::: Entries shown :::
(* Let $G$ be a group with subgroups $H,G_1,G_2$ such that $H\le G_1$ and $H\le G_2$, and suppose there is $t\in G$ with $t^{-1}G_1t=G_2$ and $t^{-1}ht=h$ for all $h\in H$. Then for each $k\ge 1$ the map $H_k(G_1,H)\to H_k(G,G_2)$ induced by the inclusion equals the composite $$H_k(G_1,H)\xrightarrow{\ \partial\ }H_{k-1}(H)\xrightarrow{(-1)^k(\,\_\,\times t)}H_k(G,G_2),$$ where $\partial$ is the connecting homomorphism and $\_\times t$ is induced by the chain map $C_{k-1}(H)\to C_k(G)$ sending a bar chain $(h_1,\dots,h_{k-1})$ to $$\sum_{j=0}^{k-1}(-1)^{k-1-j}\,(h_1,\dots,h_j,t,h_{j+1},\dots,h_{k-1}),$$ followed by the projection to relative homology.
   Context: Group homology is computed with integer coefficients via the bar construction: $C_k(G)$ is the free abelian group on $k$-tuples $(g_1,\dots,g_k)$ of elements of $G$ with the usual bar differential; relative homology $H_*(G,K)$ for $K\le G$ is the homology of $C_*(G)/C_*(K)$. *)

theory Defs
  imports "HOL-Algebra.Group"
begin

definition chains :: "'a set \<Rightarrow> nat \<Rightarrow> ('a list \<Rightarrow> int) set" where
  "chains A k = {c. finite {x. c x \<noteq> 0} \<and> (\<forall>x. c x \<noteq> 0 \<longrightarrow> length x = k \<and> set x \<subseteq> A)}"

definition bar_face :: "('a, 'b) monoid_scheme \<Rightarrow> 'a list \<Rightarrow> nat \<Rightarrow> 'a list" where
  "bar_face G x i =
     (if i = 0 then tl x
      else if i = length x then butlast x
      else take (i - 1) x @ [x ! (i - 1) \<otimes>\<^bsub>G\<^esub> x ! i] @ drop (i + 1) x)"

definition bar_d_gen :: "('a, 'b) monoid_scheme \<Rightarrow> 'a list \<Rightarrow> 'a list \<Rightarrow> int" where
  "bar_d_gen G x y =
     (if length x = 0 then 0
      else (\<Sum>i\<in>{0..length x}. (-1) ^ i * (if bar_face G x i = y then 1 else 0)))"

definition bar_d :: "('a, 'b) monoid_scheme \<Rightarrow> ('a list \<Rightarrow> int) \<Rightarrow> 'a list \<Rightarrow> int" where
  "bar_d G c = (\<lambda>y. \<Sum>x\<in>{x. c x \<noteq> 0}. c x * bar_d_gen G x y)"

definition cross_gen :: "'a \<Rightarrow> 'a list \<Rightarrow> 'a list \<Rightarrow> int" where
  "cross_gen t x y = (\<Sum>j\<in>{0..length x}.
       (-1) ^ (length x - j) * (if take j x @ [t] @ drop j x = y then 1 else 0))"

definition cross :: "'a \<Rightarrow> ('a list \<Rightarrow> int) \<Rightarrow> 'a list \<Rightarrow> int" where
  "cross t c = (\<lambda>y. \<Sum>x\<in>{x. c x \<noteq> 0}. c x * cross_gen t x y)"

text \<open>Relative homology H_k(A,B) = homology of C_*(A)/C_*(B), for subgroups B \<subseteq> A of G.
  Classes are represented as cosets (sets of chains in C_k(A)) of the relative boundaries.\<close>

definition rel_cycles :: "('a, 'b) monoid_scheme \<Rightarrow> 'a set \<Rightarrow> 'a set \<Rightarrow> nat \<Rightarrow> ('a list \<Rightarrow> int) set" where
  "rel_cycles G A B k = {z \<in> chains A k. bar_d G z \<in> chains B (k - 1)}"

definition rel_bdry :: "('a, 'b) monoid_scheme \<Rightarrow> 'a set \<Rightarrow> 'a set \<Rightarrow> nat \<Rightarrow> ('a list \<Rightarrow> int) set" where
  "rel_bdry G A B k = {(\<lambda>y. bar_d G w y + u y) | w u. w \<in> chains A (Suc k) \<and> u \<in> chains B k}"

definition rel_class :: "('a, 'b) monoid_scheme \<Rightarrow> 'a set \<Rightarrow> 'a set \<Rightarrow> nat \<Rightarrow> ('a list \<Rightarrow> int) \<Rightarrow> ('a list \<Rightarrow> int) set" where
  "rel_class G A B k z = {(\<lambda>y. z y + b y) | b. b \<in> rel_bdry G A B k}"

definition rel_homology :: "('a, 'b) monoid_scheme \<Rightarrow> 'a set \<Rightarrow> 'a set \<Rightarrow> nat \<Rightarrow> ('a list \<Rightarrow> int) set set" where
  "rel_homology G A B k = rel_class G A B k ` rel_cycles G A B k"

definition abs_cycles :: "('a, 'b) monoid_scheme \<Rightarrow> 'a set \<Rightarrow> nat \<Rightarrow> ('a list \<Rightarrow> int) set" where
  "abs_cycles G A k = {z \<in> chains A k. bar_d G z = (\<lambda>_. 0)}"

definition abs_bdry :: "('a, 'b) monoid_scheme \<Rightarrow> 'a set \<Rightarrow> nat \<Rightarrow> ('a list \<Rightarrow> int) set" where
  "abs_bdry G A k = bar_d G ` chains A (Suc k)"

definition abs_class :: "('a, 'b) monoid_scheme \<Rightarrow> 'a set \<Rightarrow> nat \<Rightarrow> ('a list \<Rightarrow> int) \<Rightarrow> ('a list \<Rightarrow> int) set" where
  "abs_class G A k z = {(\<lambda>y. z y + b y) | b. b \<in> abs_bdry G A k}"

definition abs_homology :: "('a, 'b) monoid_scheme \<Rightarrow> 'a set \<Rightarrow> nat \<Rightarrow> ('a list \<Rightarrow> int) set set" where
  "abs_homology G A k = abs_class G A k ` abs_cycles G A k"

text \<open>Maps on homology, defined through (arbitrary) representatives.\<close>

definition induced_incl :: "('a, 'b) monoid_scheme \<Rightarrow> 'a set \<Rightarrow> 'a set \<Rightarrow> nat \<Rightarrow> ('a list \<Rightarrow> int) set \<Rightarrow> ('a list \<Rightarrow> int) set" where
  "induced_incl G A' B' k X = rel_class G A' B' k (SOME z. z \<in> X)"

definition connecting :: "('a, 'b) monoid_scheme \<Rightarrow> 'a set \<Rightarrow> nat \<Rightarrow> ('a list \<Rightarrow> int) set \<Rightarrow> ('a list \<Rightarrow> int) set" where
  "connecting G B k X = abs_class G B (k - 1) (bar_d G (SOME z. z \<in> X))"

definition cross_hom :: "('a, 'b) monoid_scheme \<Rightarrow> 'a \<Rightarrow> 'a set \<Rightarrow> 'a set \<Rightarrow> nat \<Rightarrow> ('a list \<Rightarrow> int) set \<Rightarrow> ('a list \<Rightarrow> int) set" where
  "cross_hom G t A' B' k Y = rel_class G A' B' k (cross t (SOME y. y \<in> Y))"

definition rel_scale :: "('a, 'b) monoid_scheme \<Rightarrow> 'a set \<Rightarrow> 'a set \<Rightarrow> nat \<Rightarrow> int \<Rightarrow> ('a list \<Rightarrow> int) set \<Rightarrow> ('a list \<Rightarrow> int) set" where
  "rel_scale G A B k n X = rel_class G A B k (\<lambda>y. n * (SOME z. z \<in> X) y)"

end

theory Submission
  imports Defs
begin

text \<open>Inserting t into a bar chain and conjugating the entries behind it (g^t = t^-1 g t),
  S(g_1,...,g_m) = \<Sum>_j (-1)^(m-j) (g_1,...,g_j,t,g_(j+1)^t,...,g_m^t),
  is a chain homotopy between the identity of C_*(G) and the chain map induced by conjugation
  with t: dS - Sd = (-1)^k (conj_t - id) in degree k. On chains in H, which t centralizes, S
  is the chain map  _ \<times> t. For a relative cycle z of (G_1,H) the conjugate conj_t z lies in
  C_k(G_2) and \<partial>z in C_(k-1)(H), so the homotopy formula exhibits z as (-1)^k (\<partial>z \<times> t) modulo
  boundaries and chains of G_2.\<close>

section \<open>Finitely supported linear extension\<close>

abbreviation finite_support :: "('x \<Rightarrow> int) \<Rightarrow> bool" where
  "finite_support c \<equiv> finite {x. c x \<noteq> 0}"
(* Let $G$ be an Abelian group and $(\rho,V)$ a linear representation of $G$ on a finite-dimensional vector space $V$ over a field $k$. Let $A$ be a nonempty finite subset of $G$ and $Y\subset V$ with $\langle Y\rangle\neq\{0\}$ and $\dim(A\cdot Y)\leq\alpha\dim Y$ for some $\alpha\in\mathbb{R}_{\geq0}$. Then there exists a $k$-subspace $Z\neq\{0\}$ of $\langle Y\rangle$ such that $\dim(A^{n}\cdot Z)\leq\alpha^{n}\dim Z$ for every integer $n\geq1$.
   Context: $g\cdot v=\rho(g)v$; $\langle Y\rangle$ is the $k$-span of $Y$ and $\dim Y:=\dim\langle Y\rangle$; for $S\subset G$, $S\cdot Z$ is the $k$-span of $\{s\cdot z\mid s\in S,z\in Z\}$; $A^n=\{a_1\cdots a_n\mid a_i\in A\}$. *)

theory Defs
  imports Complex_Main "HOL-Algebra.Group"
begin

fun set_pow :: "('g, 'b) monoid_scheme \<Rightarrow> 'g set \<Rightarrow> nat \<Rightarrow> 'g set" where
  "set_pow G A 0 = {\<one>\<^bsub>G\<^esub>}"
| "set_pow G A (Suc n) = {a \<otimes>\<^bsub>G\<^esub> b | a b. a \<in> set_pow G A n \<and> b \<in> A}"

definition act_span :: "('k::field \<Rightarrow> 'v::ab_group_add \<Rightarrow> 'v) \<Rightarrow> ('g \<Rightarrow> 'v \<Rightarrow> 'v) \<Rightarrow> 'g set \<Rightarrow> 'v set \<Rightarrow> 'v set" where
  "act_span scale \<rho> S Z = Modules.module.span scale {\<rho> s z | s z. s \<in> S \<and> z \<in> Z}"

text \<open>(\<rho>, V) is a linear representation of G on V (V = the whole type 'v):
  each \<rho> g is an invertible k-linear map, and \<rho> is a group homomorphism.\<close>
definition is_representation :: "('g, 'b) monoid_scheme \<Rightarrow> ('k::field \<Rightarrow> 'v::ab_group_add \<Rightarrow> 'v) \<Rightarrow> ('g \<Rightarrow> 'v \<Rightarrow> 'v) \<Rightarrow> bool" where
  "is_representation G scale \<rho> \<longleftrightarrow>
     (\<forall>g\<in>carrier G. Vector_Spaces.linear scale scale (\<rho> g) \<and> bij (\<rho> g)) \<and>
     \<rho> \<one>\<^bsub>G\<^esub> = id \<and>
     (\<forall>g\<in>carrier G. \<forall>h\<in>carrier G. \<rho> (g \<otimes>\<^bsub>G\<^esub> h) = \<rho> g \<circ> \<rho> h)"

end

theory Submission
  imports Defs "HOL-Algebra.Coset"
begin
:::
Exercise instructions.
Search the records above for "lambda" and copy every line that has it.

Task solution.
  "bar_d G c = (\<lambda>y. \<Sum>x\<in>{x. c x \<noteq> 0}. c x * bar_d_gen G x y)"
  "cross t c = (\<lambda>y. \<Sum>x\<in>{x. c x \<noteq> 0}. c x * cross_gen t x y)"
  "rel_bdry G A B k = {(\<lambda>y. bar_d G w y + u y) | w u. w \<in> chains A (Suc k) \<and> u \<in> chains B k}"
  "rel_class G A B k z = {(\<lambda>y. z y + b y) | b. b \<in> rel_bdry G A B k}"
  "abs_cycles G A k = {z \<in> chains A k. bar_d G z = (\<lambda>_. 0)}"
  "abs_class G A k z = {(\<lambda>y. z y + b y) | b. b \<in> abs_bdry G A k}"
  "rel_scale G A B k n X = rel_class G A B k (\<lambda>y. n * (SOME z. z \<in> X) y)"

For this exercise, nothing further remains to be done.